> _ASSIGNMENT_:
Every entry below is to be copied exactly, with nothing left out.

> _GIVEN DATA_:
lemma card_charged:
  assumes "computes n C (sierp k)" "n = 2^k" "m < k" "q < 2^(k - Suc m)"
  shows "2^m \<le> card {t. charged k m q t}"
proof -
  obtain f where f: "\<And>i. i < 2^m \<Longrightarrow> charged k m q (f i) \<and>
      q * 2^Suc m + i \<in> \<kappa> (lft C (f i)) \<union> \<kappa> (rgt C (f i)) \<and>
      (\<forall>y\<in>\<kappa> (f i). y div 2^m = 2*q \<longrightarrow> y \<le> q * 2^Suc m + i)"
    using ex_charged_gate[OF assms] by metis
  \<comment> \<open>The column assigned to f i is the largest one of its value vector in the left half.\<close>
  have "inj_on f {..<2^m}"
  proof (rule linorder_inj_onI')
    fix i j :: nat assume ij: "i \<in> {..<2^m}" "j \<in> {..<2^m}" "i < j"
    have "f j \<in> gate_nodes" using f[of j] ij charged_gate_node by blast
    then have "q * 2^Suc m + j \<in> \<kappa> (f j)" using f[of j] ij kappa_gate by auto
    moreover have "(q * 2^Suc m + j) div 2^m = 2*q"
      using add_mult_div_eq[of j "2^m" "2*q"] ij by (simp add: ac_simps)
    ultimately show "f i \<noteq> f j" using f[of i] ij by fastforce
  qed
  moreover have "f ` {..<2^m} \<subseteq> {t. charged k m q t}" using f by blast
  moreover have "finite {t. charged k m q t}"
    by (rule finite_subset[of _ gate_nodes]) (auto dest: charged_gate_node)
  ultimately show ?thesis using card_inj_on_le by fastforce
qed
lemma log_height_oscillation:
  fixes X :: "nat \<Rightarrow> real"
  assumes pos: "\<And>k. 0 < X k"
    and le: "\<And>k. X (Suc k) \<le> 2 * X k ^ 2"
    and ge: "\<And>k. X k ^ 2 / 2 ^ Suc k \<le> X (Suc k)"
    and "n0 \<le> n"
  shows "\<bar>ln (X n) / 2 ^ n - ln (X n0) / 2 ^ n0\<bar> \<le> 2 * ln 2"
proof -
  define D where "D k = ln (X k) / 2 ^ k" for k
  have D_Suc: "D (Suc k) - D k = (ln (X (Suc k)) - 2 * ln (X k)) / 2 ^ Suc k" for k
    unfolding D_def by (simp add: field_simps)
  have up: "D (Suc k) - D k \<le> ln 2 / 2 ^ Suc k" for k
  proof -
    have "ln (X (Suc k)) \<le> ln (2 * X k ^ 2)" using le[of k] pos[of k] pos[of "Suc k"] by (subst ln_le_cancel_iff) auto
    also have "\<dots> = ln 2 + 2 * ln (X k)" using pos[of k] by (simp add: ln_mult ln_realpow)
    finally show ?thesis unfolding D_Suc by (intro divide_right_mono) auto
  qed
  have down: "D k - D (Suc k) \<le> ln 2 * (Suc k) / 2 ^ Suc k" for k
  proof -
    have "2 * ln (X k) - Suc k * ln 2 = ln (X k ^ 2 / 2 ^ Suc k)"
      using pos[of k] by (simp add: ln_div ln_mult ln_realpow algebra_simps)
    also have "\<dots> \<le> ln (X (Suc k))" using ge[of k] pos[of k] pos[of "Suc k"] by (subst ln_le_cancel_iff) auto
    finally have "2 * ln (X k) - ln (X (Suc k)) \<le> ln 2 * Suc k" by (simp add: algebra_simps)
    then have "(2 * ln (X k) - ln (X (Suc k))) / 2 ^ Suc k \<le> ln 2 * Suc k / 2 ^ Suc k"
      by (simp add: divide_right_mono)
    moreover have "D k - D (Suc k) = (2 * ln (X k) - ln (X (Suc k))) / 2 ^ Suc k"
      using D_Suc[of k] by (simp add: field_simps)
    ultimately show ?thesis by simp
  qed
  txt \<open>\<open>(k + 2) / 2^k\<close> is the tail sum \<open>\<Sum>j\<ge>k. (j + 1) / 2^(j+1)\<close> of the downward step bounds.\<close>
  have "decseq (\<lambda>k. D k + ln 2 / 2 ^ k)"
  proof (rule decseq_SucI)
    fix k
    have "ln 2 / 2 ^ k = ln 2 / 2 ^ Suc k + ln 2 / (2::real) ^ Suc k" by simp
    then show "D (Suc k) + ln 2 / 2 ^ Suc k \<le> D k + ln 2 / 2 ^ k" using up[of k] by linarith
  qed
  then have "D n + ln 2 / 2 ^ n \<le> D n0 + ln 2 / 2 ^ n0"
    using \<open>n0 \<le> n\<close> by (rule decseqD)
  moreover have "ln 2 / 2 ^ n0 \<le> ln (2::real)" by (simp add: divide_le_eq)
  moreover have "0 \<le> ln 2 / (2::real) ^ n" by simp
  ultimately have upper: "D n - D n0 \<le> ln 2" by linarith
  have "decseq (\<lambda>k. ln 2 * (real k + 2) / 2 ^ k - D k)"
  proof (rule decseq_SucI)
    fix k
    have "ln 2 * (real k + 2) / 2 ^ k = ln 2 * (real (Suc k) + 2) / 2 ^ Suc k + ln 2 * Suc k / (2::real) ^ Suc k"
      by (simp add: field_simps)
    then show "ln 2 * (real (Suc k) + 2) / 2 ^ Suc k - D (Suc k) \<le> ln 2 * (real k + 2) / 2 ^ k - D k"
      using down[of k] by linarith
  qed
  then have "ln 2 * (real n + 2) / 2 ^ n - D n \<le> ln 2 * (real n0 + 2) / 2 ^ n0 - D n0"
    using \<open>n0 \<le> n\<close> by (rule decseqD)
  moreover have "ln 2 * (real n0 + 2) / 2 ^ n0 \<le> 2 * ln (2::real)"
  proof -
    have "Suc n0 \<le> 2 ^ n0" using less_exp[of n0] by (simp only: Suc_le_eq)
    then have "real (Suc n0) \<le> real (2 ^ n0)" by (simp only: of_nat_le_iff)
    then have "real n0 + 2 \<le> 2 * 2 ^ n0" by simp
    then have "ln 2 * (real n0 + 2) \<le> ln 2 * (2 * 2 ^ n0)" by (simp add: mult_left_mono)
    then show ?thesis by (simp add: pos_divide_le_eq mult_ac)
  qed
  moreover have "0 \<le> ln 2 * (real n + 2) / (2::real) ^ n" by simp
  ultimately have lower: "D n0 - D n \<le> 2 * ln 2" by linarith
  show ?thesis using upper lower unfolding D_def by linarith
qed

> _EXERCISE RESPONSE_:
lemma card_charged:
  assumes "computes n C (sierp k)" "n = 2^k" "m < k" "q < 2^(k - Suc m)"
  shows "2^m \<le> card {t. charged k m q t}"
proof -
  obtain f where f: "\<And>i. i < 2^m \<Longrightarrow> charged k m q (f i) \<and>
      q * 2^Suc m + i \<in> \<kappa> (lft C (f i)) \<union> \<kappa> (rgt C (f i)) \<and>
      (\<forall>y\<in>\<kappa> (f i). y div 2^m = 2*q \<longrightarrow> y \<le> q * 2^Suc m + i)"
    using ex_charged_gate[OF assms] by metis
  \<comment> \<open>The column assigned to f i is the largest one of its value vector in the left half.\<close>
  have "inj_on f {..<2^m}"
  proof (rule linorder_inj_onI')
    fix i j :: nat assume ij: "i \<in> {..<2^m}" "j \<in> {..<2^m}" "i < j"
    have "f j \<in> gate_nodes" using f[of j] ij charged_gate_node by blast
    then have "q * 2^Suc m + j \<in> \<kappa> (f j)" using f[of j] ij kappa_gate by auto
    moreover have "(q * 2^Suc m + j) div 2^m = 2*q"
      using add_mult_div_eq[of j "2^m" "2*q"] ij by (simp add: ac_simps)
    ultimately show "f i \<noteq> f j" using f[of i] ij by fastforce
  qed
  moreover have "f ` {..<2^m} \<subseteq> {t. charged k m q t}" using f by blast
  moreover have "finite {t. charged k m q t}"
    by (rule finite_subset[of _ gate_nodes]) (auto dest: charged_gate_node)
  ultimately show ?thesis using card_inj_on_le by fastforce
qed
lemma log_height_oscillation:
  fixes X :: "nat \<Rightarrow> real"
  assumes pos: "\<And>k. 0 < X k"
    and le: "\<And>k. X (Suc k) \<le> 2 * X k ^ 2"
    and ge: "\<And>k. X k ^ 2 / 2 ^ Suc k \<le> X (Suc k)"
    and "n0 \<le> n"
  shows "\<bar>ln (X n) / 2 ^ n - ln (X n0) / 2 ^ n0\<bar> \<le> 2 * ln 2"
proof -
  define D where "D k = ln (X k) / 2 ^ k" for k
  have D_Suc: "D (Suc k) - D k = (ln (X (Suc k)) - 2 * ln (X k)) / 2 ^ Suc k" for k
    unfolding D_def by (simp add: field_simps)
  have up: "D (Suc k) - D k \<le> ln 2 / 2 ^ Suc k" for k
  proof -
    have "ln (X (Suc k)) \<le> ln (2 * X k ^ 2)" using le[of k] pos[of k] pos[of "Suc k"] by (subst ln_le_cancel_iff) auto
    also have "\<dots> = ln 2 + 2 * ln (X k)" using pos[of k] by (simp add: ln_mult ln_realpow)
    finally show ?thesis unfolding D_Suc by (intro divide_right_mono) auto
  qed
  have down: "D k - D (Suc k) \<le> ln 2 * (Suc k) / 2 ^ Suc k" for k
  proof -
    have "2 * ln (X k) - Suc k * ln 2 = ln (X k ^ 2 / 2 ^ Suc k)"
      using pos[of k] by (simp add: ln_div ln_mult ln_realpow algebra_simps)
    also have "\<dots> \<le> ln (X (Suc k))" using ge[of k] pos[of k] pos[of "Suc k"] by (subst ln_le_cancel_iff) auto
    finally have "2 * ln (X k) - ln (X (Suc k)) \<le> ln 2 * Suc k" by (simp add: algebra_simps)
    then have "(2 * ln (X k) - ln (X (Suc k))) / 2 ^ Suc k \<le> ln 2 * Suc k / 2 ^ Suc k"
      by (simp add: divide_right_mono)
    moreover have "D k - D (Suc k) = (2 * ln (X k) - ln (X (Suc k))) / 2 ^ Suc k"
      using D_Suc[of k] by (simp add: field_simps)
    ultimately show ?thesis by simp
  qed
  txt \<open>\<open>(k + 2) / 2^k\<close> is the tail sum \<open>\<Sum>j\<ge>k. (j + 1) / 2^(j+1)\<close> of the downward step bounds.\<close>
  have "decseq (\<lambda>k. D k + ln 2 / 2 ^ k)"
  proof (rule decseq_SucI)
    fix k
    have "ln 2 / 2 ^ k = ln 2 / 2 ^ Suc k + ln 2 / (2::real) ^ Suc k" by simp
    then show "D (Suc k) + ln 2 / 2 ^ Suc k \<le> D k + ln 2 / 2 ^ k" using up[of k] by linarith
  qed
  then have "D n + ln 2 / 2 ^ n \<le> D n0 + ln 2 / 2 ^ n0"
    using \<open>n0 \<le> n\<close> by (rule decseqD)
  moreover have "ln 2 / 2 ^ n0 \<le> ln (2::real)" by (simp add: divide_le_eq)
  moreover have "0 \<le> ln 2 / (2::real) ^ n" by simp
  ultimately have upper: "D n - D n0 \<le> ln 2" by linarith
  have "decseq (\<lambda>k. ln 2 * (real k + 2) / 2 ^ k - D k)"
  proof (rule decseq_SucI)
    fix k
    have "ln 2 * (real k + 2) / 2 ^ k = ln 2 * (real (Suc k) + 2) / 2 ^ Suc k + ln 2 * Suc k / (2::real) ^ Suc k"
      by (simp add: field_simps)
    then show "ln 2 * (real (Suc k) + 2) / 2 ^ Suc k - D (Suc k) \<le> ln 2 * (real k + 2) / 2 ^ k - D k"
      using down[of k] by linarith
  qed
  then have "ln 2 * (real n + 2) / 2 ^ n - D n \<le> ln 2 * (real n0 + 2) / 2 ^ n0 - D n0"
    using \<open>n0 \<le> n\<close> by (rule decseqD)
  moreover have "ln 2 * (real n0 + 2) / 2 ^ n0 \<le> 2 * ln (2::real)"
  proof -
    have "Suc n0 \<le> 2 ^ n0" using less_exp[of n0] by (simp only: Suc_le_eq)
    then have "real (Suc n0) \<le> real (2 ^ n0)" by (simp only: of_nat_le_iff)
    then have "real n0 + 2 \<le> 2 * 2 ^ n0" by simp
    then have "ln 2 * (real n0 + 2) \<le> ln 2 * (2 * 2 ^ n0)" by (simp add: mult_left_mono)
    then show ?thesis by (simp add: pos_divide_le_eq mult_ac)
  qed
  moreover have "0 \<le> ln 2 * (real n + 2) / (2::real) ^ n" by simp
  ultimately have lower: "D n0 - D n \<le> 2 * ln 2" by linarith
  show ?thesis using upper lower unfolding D_def by linarith
qed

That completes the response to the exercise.